# Input material
+===+

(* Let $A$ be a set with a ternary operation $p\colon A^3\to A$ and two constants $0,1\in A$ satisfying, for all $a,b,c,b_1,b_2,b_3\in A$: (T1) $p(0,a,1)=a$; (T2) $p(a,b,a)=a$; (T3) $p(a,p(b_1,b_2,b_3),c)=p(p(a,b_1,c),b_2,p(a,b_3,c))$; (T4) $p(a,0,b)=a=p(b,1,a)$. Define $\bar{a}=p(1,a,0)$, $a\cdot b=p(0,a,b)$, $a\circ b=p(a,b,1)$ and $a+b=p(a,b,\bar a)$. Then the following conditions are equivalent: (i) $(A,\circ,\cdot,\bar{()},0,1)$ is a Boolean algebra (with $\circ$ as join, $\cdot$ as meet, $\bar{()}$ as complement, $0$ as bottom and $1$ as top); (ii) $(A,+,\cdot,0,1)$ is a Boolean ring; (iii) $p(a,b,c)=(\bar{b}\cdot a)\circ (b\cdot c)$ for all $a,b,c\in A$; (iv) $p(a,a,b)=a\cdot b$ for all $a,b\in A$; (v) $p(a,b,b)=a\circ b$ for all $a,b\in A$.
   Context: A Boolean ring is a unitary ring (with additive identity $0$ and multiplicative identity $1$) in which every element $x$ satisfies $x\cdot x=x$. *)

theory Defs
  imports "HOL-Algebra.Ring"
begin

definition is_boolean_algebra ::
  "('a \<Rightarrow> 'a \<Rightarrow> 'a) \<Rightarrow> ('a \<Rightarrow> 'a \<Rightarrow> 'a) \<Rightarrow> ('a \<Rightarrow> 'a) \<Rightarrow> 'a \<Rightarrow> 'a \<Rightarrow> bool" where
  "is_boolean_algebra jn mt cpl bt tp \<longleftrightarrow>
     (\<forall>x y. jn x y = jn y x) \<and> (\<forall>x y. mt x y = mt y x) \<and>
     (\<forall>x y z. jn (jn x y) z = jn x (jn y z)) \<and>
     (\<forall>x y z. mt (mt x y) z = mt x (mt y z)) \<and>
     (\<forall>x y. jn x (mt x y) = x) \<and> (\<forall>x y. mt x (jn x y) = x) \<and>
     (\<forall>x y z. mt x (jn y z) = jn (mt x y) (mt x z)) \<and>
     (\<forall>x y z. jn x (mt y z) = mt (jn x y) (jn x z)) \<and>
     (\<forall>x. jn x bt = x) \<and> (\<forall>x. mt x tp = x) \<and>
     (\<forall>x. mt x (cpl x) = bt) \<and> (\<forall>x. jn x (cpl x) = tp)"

+===+

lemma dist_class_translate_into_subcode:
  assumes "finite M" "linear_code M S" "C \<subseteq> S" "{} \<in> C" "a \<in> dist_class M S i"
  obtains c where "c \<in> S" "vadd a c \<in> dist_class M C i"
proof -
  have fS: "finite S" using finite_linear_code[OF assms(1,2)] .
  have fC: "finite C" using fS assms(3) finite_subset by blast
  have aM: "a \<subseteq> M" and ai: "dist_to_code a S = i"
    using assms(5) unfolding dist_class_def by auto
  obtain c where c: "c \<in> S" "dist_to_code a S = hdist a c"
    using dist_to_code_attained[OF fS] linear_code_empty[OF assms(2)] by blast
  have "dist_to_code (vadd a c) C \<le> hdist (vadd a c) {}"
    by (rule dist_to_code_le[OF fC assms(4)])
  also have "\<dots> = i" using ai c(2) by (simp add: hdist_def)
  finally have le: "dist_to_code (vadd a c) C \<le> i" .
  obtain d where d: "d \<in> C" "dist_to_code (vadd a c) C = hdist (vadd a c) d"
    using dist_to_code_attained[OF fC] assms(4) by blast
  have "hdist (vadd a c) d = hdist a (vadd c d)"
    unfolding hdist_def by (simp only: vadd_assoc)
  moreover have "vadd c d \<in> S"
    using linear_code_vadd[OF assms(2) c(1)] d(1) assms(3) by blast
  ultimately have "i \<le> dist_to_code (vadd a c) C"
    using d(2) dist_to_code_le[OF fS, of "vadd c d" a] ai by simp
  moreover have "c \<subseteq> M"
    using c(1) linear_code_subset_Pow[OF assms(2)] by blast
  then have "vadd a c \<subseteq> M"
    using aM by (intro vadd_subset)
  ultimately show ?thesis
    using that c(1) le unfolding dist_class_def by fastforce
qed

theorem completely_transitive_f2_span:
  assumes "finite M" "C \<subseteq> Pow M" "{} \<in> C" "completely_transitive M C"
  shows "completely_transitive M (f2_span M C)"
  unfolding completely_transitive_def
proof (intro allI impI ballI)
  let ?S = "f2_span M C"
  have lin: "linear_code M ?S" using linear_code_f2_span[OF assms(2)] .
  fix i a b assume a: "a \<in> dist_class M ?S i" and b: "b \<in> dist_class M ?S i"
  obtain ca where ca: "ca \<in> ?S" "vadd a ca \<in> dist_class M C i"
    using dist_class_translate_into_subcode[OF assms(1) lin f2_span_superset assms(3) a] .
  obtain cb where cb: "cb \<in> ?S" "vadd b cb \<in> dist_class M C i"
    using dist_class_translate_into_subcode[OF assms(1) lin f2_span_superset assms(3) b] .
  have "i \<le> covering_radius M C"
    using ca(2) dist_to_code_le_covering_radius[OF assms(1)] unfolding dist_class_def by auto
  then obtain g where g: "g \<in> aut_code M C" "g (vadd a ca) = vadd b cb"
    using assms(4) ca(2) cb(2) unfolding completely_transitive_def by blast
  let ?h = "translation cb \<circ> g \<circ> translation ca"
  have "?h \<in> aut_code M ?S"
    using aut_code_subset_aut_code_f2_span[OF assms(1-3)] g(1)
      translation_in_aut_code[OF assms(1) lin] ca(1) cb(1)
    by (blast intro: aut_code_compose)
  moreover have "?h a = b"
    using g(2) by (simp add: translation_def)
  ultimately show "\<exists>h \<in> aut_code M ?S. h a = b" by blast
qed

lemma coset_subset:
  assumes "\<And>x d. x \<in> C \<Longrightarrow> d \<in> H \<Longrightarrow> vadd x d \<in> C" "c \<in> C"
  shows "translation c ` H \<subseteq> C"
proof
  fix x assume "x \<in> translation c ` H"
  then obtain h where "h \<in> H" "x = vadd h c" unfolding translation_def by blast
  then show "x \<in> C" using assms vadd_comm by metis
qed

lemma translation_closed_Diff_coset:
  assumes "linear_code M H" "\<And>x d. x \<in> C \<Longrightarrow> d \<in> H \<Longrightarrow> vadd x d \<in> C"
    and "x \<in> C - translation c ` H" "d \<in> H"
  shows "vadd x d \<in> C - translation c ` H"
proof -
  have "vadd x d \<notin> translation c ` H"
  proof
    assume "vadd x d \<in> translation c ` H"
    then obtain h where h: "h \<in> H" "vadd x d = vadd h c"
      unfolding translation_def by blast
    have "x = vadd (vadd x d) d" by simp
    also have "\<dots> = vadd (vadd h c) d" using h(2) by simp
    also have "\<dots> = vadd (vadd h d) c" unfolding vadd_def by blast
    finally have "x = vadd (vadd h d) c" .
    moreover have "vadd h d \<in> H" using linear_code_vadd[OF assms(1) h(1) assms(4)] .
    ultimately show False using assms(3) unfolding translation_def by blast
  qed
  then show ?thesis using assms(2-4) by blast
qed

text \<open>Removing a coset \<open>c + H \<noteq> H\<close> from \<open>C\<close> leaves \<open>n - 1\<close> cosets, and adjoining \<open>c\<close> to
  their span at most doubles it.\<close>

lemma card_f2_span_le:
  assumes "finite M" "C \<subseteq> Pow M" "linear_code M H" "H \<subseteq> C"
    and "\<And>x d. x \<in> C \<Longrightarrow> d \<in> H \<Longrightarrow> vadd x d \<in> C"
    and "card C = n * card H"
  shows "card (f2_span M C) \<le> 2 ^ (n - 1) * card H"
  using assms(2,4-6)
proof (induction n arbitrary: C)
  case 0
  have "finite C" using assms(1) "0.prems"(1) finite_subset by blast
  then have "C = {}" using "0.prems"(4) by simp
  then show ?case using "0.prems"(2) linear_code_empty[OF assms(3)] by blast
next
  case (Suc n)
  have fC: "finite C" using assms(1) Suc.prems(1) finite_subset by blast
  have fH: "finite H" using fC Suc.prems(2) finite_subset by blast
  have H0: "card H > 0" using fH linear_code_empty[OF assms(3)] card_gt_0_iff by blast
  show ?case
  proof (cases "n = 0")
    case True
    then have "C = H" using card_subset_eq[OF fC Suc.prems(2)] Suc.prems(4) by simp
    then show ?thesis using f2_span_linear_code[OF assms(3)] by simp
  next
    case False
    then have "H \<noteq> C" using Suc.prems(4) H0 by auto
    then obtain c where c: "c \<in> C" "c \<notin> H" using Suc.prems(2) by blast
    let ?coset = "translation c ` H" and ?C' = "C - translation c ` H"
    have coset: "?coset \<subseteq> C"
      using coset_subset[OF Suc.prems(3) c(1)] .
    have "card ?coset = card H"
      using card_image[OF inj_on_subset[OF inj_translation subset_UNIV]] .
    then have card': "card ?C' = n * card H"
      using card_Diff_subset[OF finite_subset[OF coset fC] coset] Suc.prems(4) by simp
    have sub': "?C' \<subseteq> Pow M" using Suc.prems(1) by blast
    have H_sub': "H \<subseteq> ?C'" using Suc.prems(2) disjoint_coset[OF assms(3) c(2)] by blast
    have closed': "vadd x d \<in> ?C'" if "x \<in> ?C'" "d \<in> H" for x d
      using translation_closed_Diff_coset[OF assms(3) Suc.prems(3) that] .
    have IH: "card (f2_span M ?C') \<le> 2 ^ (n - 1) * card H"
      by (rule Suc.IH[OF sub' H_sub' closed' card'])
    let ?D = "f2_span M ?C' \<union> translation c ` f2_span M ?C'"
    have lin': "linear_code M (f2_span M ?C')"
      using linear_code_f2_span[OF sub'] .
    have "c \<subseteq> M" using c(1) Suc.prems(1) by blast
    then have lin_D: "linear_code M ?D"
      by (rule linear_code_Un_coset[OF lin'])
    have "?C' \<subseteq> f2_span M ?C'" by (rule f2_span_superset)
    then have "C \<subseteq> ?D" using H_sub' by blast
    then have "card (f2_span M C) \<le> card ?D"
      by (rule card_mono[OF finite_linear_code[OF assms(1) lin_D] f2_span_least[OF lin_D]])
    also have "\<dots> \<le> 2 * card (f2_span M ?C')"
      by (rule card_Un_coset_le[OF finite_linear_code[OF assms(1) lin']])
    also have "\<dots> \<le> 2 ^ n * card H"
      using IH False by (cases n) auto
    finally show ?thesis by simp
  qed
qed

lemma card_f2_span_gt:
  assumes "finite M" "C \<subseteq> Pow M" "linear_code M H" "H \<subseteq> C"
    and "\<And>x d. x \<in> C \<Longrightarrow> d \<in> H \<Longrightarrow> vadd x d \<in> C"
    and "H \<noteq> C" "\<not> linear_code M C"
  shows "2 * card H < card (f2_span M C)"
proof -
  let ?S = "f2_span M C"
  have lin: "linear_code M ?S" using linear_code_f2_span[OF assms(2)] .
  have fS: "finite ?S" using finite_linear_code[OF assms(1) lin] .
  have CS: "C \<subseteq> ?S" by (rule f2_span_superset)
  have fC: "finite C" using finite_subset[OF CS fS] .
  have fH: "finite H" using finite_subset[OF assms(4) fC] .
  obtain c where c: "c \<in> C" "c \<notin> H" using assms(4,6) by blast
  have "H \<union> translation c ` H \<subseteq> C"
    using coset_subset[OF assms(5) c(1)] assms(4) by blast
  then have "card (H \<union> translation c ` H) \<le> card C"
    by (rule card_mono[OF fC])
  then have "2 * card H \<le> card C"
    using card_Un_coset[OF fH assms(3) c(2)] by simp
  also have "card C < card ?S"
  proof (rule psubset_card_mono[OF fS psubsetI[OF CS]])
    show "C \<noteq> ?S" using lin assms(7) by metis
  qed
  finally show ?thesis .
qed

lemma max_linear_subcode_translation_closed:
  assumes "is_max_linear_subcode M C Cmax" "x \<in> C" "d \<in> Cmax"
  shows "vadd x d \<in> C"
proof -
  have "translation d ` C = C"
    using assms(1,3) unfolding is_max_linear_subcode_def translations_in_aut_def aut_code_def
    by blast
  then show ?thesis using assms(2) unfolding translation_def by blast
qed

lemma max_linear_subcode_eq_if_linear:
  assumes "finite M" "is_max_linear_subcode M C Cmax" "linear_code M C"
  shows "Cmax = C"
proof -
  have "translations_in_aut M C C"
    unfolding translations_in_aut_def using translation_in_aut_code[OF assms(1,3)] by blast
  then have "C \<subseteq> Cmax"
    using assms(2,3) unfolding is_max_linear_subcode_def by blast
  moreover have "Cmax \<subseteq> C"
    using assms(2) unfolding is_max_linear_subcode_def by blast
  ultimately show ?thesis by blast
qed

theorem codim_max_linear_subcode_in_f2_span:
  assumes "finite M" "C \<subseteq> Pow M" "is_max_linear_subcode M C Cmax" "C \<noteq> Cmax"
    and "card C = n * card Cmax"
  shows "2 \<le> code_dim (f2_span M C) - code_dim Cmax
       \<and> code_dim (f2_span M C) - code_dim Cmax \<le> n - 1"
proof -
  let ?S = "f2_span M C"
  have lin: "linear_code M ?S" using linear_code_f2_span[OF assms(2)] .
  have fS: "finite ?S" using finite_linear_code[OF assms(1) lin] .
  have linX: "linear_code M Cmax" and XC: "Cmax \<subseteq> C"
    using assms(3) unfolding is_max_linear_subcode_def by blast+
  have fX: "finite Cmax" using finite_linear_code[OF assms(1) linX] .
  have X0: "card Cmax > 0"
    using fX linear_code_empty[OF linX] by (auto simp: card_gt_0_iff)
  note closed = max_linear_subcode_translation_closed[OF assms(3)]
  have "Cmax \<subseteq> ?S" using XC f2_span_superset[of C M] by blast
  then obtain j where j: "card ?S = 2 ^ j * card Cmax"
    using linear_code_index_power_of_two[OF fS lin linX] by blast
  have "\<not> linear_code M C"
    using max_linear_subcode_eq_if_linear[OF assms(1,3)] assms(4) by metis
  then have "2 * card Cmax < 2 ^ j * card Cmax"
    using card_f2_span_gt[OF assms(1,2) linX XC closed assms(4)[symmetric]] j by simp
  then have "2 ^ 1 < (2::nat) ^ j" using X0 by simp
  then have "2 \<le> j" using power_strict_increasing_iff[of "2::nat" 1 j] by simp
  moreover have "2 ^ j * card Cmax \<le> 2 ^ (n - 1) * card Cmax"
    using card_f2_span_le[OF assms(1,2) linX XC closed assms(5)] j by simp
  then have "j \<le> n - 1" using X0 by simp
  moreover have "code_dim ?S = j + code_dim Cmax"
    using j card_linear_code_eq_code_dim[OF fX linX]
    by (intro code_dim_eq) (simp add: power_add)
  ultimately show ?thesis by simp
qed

+===+

# Aim of the task
Retype, in the same exact form, the lines of the material above from the line holding "a c \<subseteq>" through the line holding "fix x assume".

# Answer box
  then have "vadd a c \<subseteq> M"
    using aM by (intro vadd_subset)
  ultimately show ?thesis
    using that c(1) le unfolding dist_class_def by fastforce
qed

theorem completely_transitive_f2_span:
  assumes "finite M" "C \<subseteq> Pow M" "{} \<in> C" "completely_transitive M C"
  shows "completely_transitive M (f2_span M C)"
  unfolding completely_transitive_def
proof (intro allI impI ballI)
  let ?S = "f2_span M C"
  have lin: "linear_code M ?S" using linear_code_f2_span[OF assms(2)] .
  fix i a b assume a: "a \<in> dist_class M ?S i" and b: "b \<in> dist_class M ?S i"
  obtain ca where ca: "ca \<in> ?S" "vadd a ca \<in> dist_class M C i"
    using dist_class_translate_into_subcode[OF assms(1) lin f2_span_superset assms(3) a] .
  obtain cb where cb: "cb \<in> ?S" "vadd b cb \<in> dist_class M C i"
    using dist_class_translate_into_subcode[OF assms(1) lin f2_span_superset assms(3) b] .
  have "i \<le> covering_radius M C"
    using ca(2) dist_to_code_le_covering_radius[OF assms(1)] unfolding dist_class_def by auto
  then obtain g where g: "g \<in> aut_code M C" "g (vadd a ca) = vadd b cb"
    using assms(4) ca(2) cb(2) unfolding completely_transitive_def by blast
  let ?h = "translation cb \<circ> g \<circ> translation ca"
  have "?h \<in> aut_code M ?S"
    using aut_code_subset_aut_code_f2_span[OF assms(1-3)] g(1)
      translation_in_aut_code[OF assms(1) lin] ca(1) cb(1)
    by (blast intro: aut_code_compose)
  moreover have "?h a = b"
    using g(2) by (simp add: translation_def)
  ultimately show "\<exists>h \<in> aut_code M ?S. h a = b" by blast
qed

lemma coset_subset:
  assumes "\<And>x d. x \<in> C \<Longrightarrow> d \<in> H \<Longrightarrow> vadd x d \<in> C" "c \<in> C"
  shows "translation c ` H \<subseteq> C"
proof
  fix x assume "x \<in> translation c ` H"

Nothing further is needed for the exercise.